# Why do we need Collision Resistant Hash Function for the Merkle Tree Signature Scheme?

I am studying Merkle Tree Construction for digital signature. I don't quite understand why we need collision resistant hash function for Merkle tree construction.

There are few papers like XMSS that try to lower the requirement from collision resistant hash function to second-preimage hash function by introducing bit mask. However, does it implies longer public key, more works need to be done on verifier side?

is there a known attack on traditional Merkle tree that only uses second preimage resistant hash function?

## 3 Answers

There are few papers like XMSS that try to lower the requirement from collision resistant hash function to second-preimage hash function by introducing bit mask.

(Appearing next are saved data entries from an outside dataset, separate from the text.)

lemma nmul_triple_eq:
  assumes "s \<in> S" "t \<in> S" "t \<notin> I x" "s \<notin> I y"
    and braid: "alt_prod (omega I m s) (omega I m t) 3 = alt_prod (omega I m t) (omega I m s) 3"
  shows "nmul (nmul (m s) (m t)) (m s) x y = m s x y"
proof -
  let ?E = "{u. m s u y \<noteq> 0}"
  have "0 = (\<Sum>u\<in>?E. mmul (omega I m s) (omega I m t) x u * of_nat (m s u y))"
    using braid_row[OF assms(1-3) braid, of y] assms(4) by (simp add: omega_def)
  also have "\<dots> = (\<Sum>u\<in>?E. of_nat (nmul (m s) (m t) x u * m s u y)
                      - (if u = x then of_nat (m s x y) else 0))"
    by (rule sum.cong)
      (use weight_nonzeroD[OF assms(1)] in \<open>auto simp: mmul_omega_omega[OF assms(1-3)] algebra_simps\<close>)
  also have "\<dots> = of_nat (nmul (nmul (m s) (m t)) (m s) x y) - (of_nat (m s x y) :: int fls)"
    using weight_col_finite[OF assms(1), of y] by (simp add: sum_subtractf nmul_def)
  finally show ?thesis by simp
qed

end

theorem lemma4p5p5:
  fixes S :: "'s set" and M :: "'s \<Rightarrow> 's \<Rightarrow> nat"
    and I :: "'c \<Rightarrow> 's set" and m :: "'s \<Rightarrow> 'c \<Rightarrow> 'c \<Rightarrow> nat"
    and x y :: 'c
  assumes "coxeter_matrix_123 S M"
    and "is_W_graph_nat S M I m"
    and "transversal_edge M (I x) (I y)"
  shows "\<forall>s\<in>I x - I y. \<forall>t\<in>I y - I x. m s x y = m t y x \<and> m s x y \<in> {0, 1}"
proof (intro ballI)
  fix s t assume s: "s \<in> I x - I y" and t: "t \<in> I y - I x"
  interpret nat_W_graph S M I m by unfold_locales (rule assms(2))
  have "I x \<subseteq> S" "I y \<subseteq> S" using assms(2) unfolding is_W_graph_nat_def by blast+
  hence S: "s \<in> S" "t \<in> S" using s t by blast+
  have "s \<noteq> t" "3 \<le> M s t" using assms(3) s t unfolding transversal_edge_def by blast+
  note braid = braid_of_order_3[OF assms(1) S this]
  show "m s x y = m t y x \<and> m s x y \<in> {0, 1}"
  proof (rule nmul_reciprocal_01[of "m s" "m t"])
    show "nmul (m s) (m t) x x = 1"
      by (rule nmul_diag_eq_1[OF S _ _ braid]) (use s t in blast)+
    show "nmul (m t) (m s) y y = 1"
      by (rule nmul_diag_eq_1[OF S(2,1) _ _ braid[symmetric]]) (use s t in blast)+
    show "nmul (nmul (m s) (m t)) (m s) x y = m s x y"
      by (rule nmul_triple_eq[OF S _ _ braid]) (use s t in blast)+
    show "nmul (nmul (m t) (m s)) (m t) y x = m t y x"
      by (rule nmul_triple_eq[OF S(2,1) _ _ braid[symmetric]]) (use s t in blast)+
  qed (use S weight_col_finite in blast)+
qed

end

Actually, that's not why XMSS has the bit masks; as you point out, second preimage resistance is essentially all you need for hash based signatures to be secure; the attacker needs to find a preimage or a second preimage (depending on where in the hash scheme we're talking about) for one of a number of hashes.

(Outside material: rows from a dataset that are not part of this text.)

lemma prob_mle_near_tendsto_1:
  assumes "bstar \<in> Theta" "0 < \<epsilon>"
    and norm_bound: "\<forall>l. \<forall>a\<in>E. norm (xt a (x l)) < B"
    and inner_bound: "\<forall>l. \<forall>a\<in>E. \<bar>bstar \<bullet> xt a (x l)\<bar> \<le> C"
    and "0 < \<mu>" and info: "\<forall>\<^sub>F L in sequentially. \<forall>v\<in>Theta. real L * \<mu> * (norm v)\<^sup>2 \<le> v \<bullet> (info p E x L bstar *v v)"
  shows "(\<lambda>L. prob {w \<in> space M. (\<exists>b. is_mle A Y x L w b) \<and> (\<forall>b. is_mle A Y x L w b \<longrightarrow> dist b bstar \<le> \<epsilon>)})
    \<longlonglongrightarrow> 1"
proof -
  define N where "N = real CARD('m + 'm \<times> 'd)"
  define \<delta> where "\<delta> = min (\<mu> / (2 * N\<^sup>2)) (\<mu> * \<epsilon> / (4 * N * exp (C + \<epsilon> * B)))"
  have "0 < N"
    unfolding N_def by (simp only: of_nat_0_less_iff zero_less_card_finite)
  then have "0 < \<delta>"
    unfolding \<delta>_def using \<open>0 < \<mu>\<close> \<open>0 < \<epsilon>\<close> by simp
  show ?thesis
  proof (rule prob_tendsto_1_if_eventually_subset[OF prob_typical_sample_tendsto_1[OF norm_bound \<open>0 < \<delta>\<close>]])
    show "\<forall>\<^sub>F L in sequentially. typical_sample \<delta> L \<subseteq>
        {w \<in> space M. (\<exists>b. is_mle A Y x L w b) \<and> (\<forall>b. is_mle A Y x L w b \<longrightarrow> dist b bstar \<le> \<epsilon>)}"
      using info
    proof eventually_elim
      case (elim L)
      have "\<delta> \<le> \<mu> / (2 * N\<^sup>2)" "\<delta> \<le> \<mu> * \<epsilon> / (4 * N * exp (C + \<epsilon> * B))"
        unfolding \<delta>_def by simp_all
      note near = typical_sample_mle_near[OF _ norm_bound inner_bound elim this[unfolded N_def] assms(1,2)]
      show ?case
      proof
        fix w assume "w \<in> typical_sample \<delta> L"
        with near[of w] show "w \<in> {w \<in> space M. (\<exists>b. is_mle A Y x L w b) \<and> (\<forall>b. is_mle A Y x L w b \<longrightarrow> dist b bstar \<le> \<epsilon>)}"
          unfolding typical_sample_def by simp
      qed
    qed
    show "{w \<in> space M. (\<exists>b. is_mle A Y x L w b) \<and> (\<forall>b. is_mle A Y x L w b \<longrightarrow> dist b bstar \<le> \<epsilon>)} \<in> events" for L
      by (rule sets_Collect_determined_by_observations[where L = L and f = "\<lambda>w. is_mle A Y x L w"]) (rule is_mle_cong)
  qed
qed

end

theorem mainTheorem7:
  fixes M :: "'w measure"
    and A :: "nat \<Rightarrow> 'w \<Rightarrow> 'm::finite \<times> 'm"
    and Y :: "nat \<Rightarrow> 'w \<Rightarrow> bool"
    and x :: "nat \<Rightarrow> real ^ 'd::finite"
    and E :: "('m \<times> 'm) set"
    and p :: "'m \<times> 'm \<Rightarrow> real"
    and bstar :: "('m, 'd) param"
    and Ibar :: "real ^ ('m + 'm \<times> 'd) ^ ('m + 'm \<times> 'd)"
    and B2 :: real
  assumes P: "prob_space M"
    and p_pos: "\<forall>a\<in>E. p a > 0"
    and p_sum: "(\<Sum>a\<in>E. p a) = 1"
    and indep: "prob_space.indep_vars M (\<lambda>_. count_space UNIV) (\<lambda>l w. (A l w, Y l w)) UNIV"
    and law1: "\<forall>l. \<forall>a\<in>E. measure M {w \<in> space M. A l w = a \<and> Y l w}
                 = p a * sigmoid (bstar \<bullet> xt a (x l))"
    and law0: "\<forall>l. \<forall>a\<in>E. measure M {w \<in> space M. A l w = a \<and> \<not> Y l w}
                 = p a * (1 - sigmoid (bstar \<bullet> xt a (x l)))"
    and bstar_Theta: "bstar \<in> Theta"
    and A1: "graph_connected E"
    and A2: "\<forall>w\<in>space M. \<exists>L0. \<forall>L\<ge>L0. design_full_rank (\<lambda>l. A l w) x L"
    and A3a: "\<forall>l. \<forall>a\<in>E. norm (xt a (x l)) < B2"
    and A3b: "\<exists>C. \<forall>l. \<forall>a\<in>E. \<bar>bstar \<bullet> xt a (x l)\<bar> \<le> C"
    and A4a: "(\<lambda>L. (1 / real L) *\<^sub>R info p E x L bstar) \<longlonglongrightarrow> Ibar"
    and A4b: "\<forall>v\<in>Theta. v \<noteq> 0 \<longrightarrow> v \<bullet> (Ibar *v v) > 0"
  shows "\<forall>\<epsilon>>0. (\<lambda>L. measure M {w \<in> space M.
            (\<exists>b. is_mle A Y x L w b) \<and>
            (\<forall>b. is_mle A Y x L w b \<longrightarrow> dist b bstar \<le> \<epsilon>)}) \<longlonglongrightarrow> 1"
proof (intro allI impI)
  fix \<epsilon> :: real assume "0 < \<epsilon>"
  interpret pairwise_comparison_sampling M A Y x E p bstar
    using P p_sum indep law1 law0
    by (simp add: pairwise_comparison_sampling_def pairwise_comparison_sampling_axioms_def)
  obtain \<mu> where "0 < \<mu>" and info_bound:
      "\<forall>\<^sub>F L in sequentially. \<forall>v\<in>Theta. real L * \<mu> * (norm v)\<^sup>2 \<le> v \<bullet> (info p E x L bstar *v v)"
    using eventually_quadratic_form_lower_bound[OF subspace_Theta A4a A4b] by blast
  obtain C where "\<forall>l. \<forall>a\<in>E. \<bar>bstar \<bullet> xt a (x l)\<bar> \<le> C"
    using A3b by blast
  from prob_mle_near_tendsto_1[OF bstar_Theta \<open>0 < \<epsilon>\<close> A3a this \<open>0 < \<mu>\<close> info_bound]
  show "(\<lambda>L. prob {w \<in> space M. (\<exists>b. is_mle A Y x L w b) \<and> (\<forall>b. is_mle A Y x L w b \<longrightarrow> dist b bstar \<le> \<epsilon>)})
      \<longlonglongrightarrow> 1" .
qed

Rather, it has to do with proof technique. As mephisto points out, if you're happy with the random oracle model (and its proof method), it's straightforward to design a simple HBS method that is secure (that is, you have to find a preimage or second preimage to break).

However, what XMSS tries to do is be secure in the concrete model; that is, they try to argue that, because the bitmasks randomize the input, that what you need to do is find a (second) preimage of an effectively random string.

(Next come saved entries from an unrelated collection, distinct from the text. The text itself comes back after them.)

lemma exec_inv_send_bcast:
  assumes "exec_inv n t F s" "i < n" "i \<notin> F" "auxv (loc s i) \<subseteq> auxv l'" "rd (loc s i) \<le> rd l'" "r \<le> rd l'"
    "\<forall>x. AUX i r x \<notin> sigs s" "ps \<subseteq> auxv (loc s i)" "finite ps" "is_valid n t r est ps" "est \<le> 1"
    "proc_inv n t F (insert (AUX i r est) (sigs s)) i l'"
  shows "exec_inv n t F (send_bcast n k i r est ps (upd_loc s i l'))"
proof -
  let ?s = "send_bcast n k i r est ps (upd_loc s i l')"
  let ?SG = "insert (AUX i r est) (sigs s)"
  note inv = exec_invD[OF assms(1)]
  have "authentic n F (sigs s) (auxv (loc s i))"
    using inv(5)[OF assms(2,3)] unfolding proc_inv_def by blast
  then have auth_ps: "authentic n F (sigs s) ps" using assms(8) by (rule authentic_subset)
  have "\<forall>pk\<in>net (upd_loc s i l'). authentic_packet n F (sigs (upd_loc s i l')) pk"
    using inv(1) by simp
  then have packets: "\<forall>pk\<in>net ?s. authentic_packet n F (sigs ?s) pk"
    by (rule authentic_packets_send_bcast) (use auth_ps assms(2,3,11) in simp_all)
  have signed: "signer m \<notin> F \<and> wf_signed n m" if "m \<in> sigs ?s" for m
    using that inv(2)[of m] assms(2,3,11) unfolding wf_signed_def by auto
  have sent: "reliably_sent n t F ?s j \<rho> x" if "AUX j \<rho> x \<in> sigs ?s" for j \<rho> x
  proof (cases "AUX j \<rho> x = AUX i r est")
    case True
    then show ?thesis
      using assms(6,9,10) authentic_mono[OF auth_ps subset_insertI] unfolding reliably_sent_def by auto
  next
    case False
    then have "AUX j \<rho> x \<in> sigs s" using that by auto
    show ?thesis
    proof (rule reliably_sent_mono[OF inv(3)[OF \<open>AUX j \<rho> x \<in> sigs s\<close>]])
      show "rd (loc s j) \<le> rd (loc ?s j)" using assms(5) by (cases "j = i") simp_all
      show "auxv (loc s d) \<subseteq> auxv (loc ?s d)" for d using assms(4) by (cases "d = i") simp_all
    qed auto
  qed
  have unique: "x = y" if "AUX j \<rho> x \<in> sigs ?s" "AUX j \<rho> y \<in> sigs ?s" for j \<rho> x y
    using that inv(4)[of j \<rho> x y] assms(7) by auto
  have procs: "proc_inv n t F (sigs ?s) j (loc ?s j)" if "j < n" "j \<notin> F" for j
  proof (cases "j = i")
    case True
    then show ?thesis using assms(12) by simp
  next
    case False
    have "proc_inv n t F ?SG j (loc s j)"
      by (rule proc_inv_mono[OF inv(5)[OF that]]) (use False in auto)
    then show ?thesis using False by simp
  qed
  show ?thesis unfolding exec_inv_def using packets signed sent unique procs by blast
qed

• That's what I didn't figure out yesterday.... In the standard Merkle tree, you don't get a proof from 2nd preimage resistance because the inputs to the hash function are not random which in turn might allow easier attacks than true 2nd preimage attacks because the image of the function kind of shrinks on iteration. – mephisto May 4 '17 at 8:04
• Thank both memphiso and poncho. So if I understand it correctly, they are willing to increase public key size for better proof technique in concrete model? and require more works on verifiers as he has to $\oplus$ the concatenation before computing the hash? sorry i'm new... – DiamondDuck May 5 '17 at 2:35
• @DiamondDuck: actually, in the most recent version of XMSS, the public key doesn't grow that much; in (say) SHA-256 is the hash function, the seed adds only 32 bytes to the key. What it does cost you is time, What costs you is the time to compute all those random masks; that increases the time by a factor of 3 to 5 (depending on the operation you're performing; for the verification operation, it's a factor of 5) – poncho May 5 '17 at 3:11
• @poncho: you are right. I forget that we can use a seed to generate those bitmask. Thanks a lot. – DiamondDuck May 5 '17 at 4:55

There is no known attack that an adversary can mount when he knows a collision for the hash function used in the tree. The reason is that the adversary cannot control the inputs to the hash function as these are selected by the user. So, mainly this is a proof issue and the bitmasks are artifacts of the proof-technique used. If you are happy with a random oracle model proof, then you can achieve some kind of bounds close to those that follow from second-preimage resistance.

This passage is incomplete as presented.